Anyone who has ever had a parent surely knows that nobody can quite screw up your life as well as they can. It’s bound to happen just about anywhere in the world — and our brothers and sisters in Italy are certainly not exempt from that sort of embarrassment. Case in point: the 2010 Italian dramedy, La Prima Cosa Bella, better known in the English tongue as The First Beautiful Thing. This sometimes lighthearted/frequently serious yarn from Paolo Virzì, whom many consider a traditional Italian comedy filmmaker, follows the oft-heartbreaking plights of Michelucci clan: Bruno, Valeria, and their mother, Anna.
Back in ’71, Anna (the gorgeous Micaela Ramazzotti) was crowned the Most Beautiful Mother during an annual summer event at Livorno — an event that prompted the unjustified jealousy of Anna’s husband, Mario (Sergio Albelli), whose resentment soon turns to violence, causing the young woman to pack up their two children and take off. From there, we jump to modern times (circa 2008), where we find a forty-something-ish Bruno (Valerio Mastandrea) working as a fulltime school teacher in Milan with a part-time drug and alcohol problem. And his reasons for such are evident: he’s an extremely unhappy individual.
Most of his despondency with the world appears to hail from his family, particularly his mother — whose honest intentions over the years have lead to one more brick in his mental wall (cue the Floyd, man!). Despite his best efforts to avoid both her and his sister, the grown-up Valeria (Giulia Burgalassi, another beauty) catches up with him at work, promptly dragging him back to Livorno to help her take care of their now-dying mother (Stefania Sandrelli). It is there, as he unwittingly lends his assistance to the woman that caused him so many scars of discomfiture that he begins to find his way in life.
At its core, The First Beautiful Thing is a charming, somewhat heavy-handed film — particularly if you have ever experienced the loss of a parental figure. Virzì delivers his film’s message in a most assuredly valid way, though his non-linear method of storytelling jumps back and forth from the ’70s and ’80s to the present day so much, it begins to get downright annoying at times.
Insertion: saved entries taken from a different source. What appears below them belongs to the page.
lemma first_touching_time:
  fixes \<psi> :: "'a::metric_space \<Rightarrow> real \<Rightarrow> real"
  assumes "compact K" "a \<le> b"
    and cont: "continuous_on (K \<times> {a..b}) (\<lambda>(x, t). \<psi> x t)"
    and initial: "\<And>x. x \<in> K \<Longrightarrow> \<psi> x a < 0"
    and touch: "x2 \<in> K" "\<psi> x2 b \<ge> 0"
  obtains t1 x1 where "a < t1" "t1 \<le> b" "x1 \<in> K" "\<psi> x1 t1 = 0"
    and "\<And>x. x \<in> K \<Longrightarrow> \<psi> x t1 \<le> 0"
    and "\<And>x t. x \<in> K \<Longrightarrow> t \<in> {a..<t1} \<Longrightarrow> \<psi> x t < 0"
proof -
  define Q where "Q = (K \<times> {a..b}) \<inter> (\<lambda>(x, t). \<psi> x t) -` {0..}"
  have "closed Q"
    unfolding Q_def
    by (rule continuous_closed_preimage[OF cont]) (auto intro: compact_imp_closed compact_Times assms(1))
  then have "compact ((K \<times> {a..b}) \<inter> Q)"
    by (intro compact_Int_closed compact_Times assms(1) compact_Icc)
  then have compact: "compact (snd ` Q)"
    by (intro compact_continuous_image continuous_intros) (auto simp: Q_def)
  have nonempty: "snd ` Q \<noteq> {}"
  proof -
    have "(x2, b) \<in> Q" using touch \<open>a \<le> b\<close> by (simp add: Q_def)
    then show ?thesis by blast
  qed
  obtain t1 where "t1 \<in> snd ` Q" and first: "\<forall>s \<in> snd ` Q. t1 \<le> s"
    using compact_attains_inf[OF compact nonempty] by blast
  then obtain x1 where "(x1, t1) \<in> Q"
    by force
  then have "x1 \<in> K" "t1 \<in> {a..b}" "\<psi> x1 t1 \<ge> 0"
    by (simp_all add: Q_def)
  have before: "\<psi> x t < 0" if "x \<in> K" "t \<in> {a..<t1}" for x t
  proof (rule ccontr)
    assume "\<not> \<psi> x t < 0"
    then have "(x, t) \<in> Q"
      using that \<open>t1 \<in> {a..b}\<close> by (simp add: Q_def)
    then have "t1 \<le> t"
      using first by force
    then show False using that by simp
  qed
  have "a < t1"
    using initial[OF \<open>x1 \<in> K\<close>] \<open>\<psi> x1 t1 \<ge> 0\<close> \<open>t1 \<in> {a..b}\<close> by (cases "t1 = a") auto
  have at_t1: "\<psi> x t1 \<le> 0" if "x \<in> K" for x
  proof (rule continuous_on_Icc_nonpos_right_endpoint[OF _ \<open>a < t1\<close>])
    show "continuous_on {a..t1} (\<psi> x)"
      using continuous_on_slice[OF cont that] \<open>t1 \<in> {a..b}\<close> by (auto intro: continuous_on_subset)
  next
    show "\<psi> x t \<le> 0" if "t \<in> {a..<t1}" for t
      using before[OF \<open>x \<in> K\<close> that] by simp
  qed
  show thesis
  proof (rule that[OF \<open>a < t1\<close> _ \<open>x1 \<in> K\<close> _ at_t1 before])
    show "t1 \<le> b" using \<open>t1 \<in> {a..b}\<close> by simp
    show "\<psi> x1 t1 = 0" using at_t1[OF \<open>x1 \<in> K\<close>] \<open>\<psi> x1 t1 \<ge> 0\<close> by simp
  qed
qed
Nevertheless, this drama is a well-made one, and it is easy to see why this one was submitted to the 83rd Academy Awards (it didn’t win, just in case you don’t remember that far back, either — although it was a critic favorite and won several other awards around the globe).
As to why we’re getting it on home video now two years later is beyond me, but the folks at Palisades Tartan Films have given us a fine-looking Standard Definition (in Italian with nice big removable English subtitles) with only a trailer as an extra. The lack of any other special features is a bit of a bummer, but I guess these beautiful things have to end somewhere, right?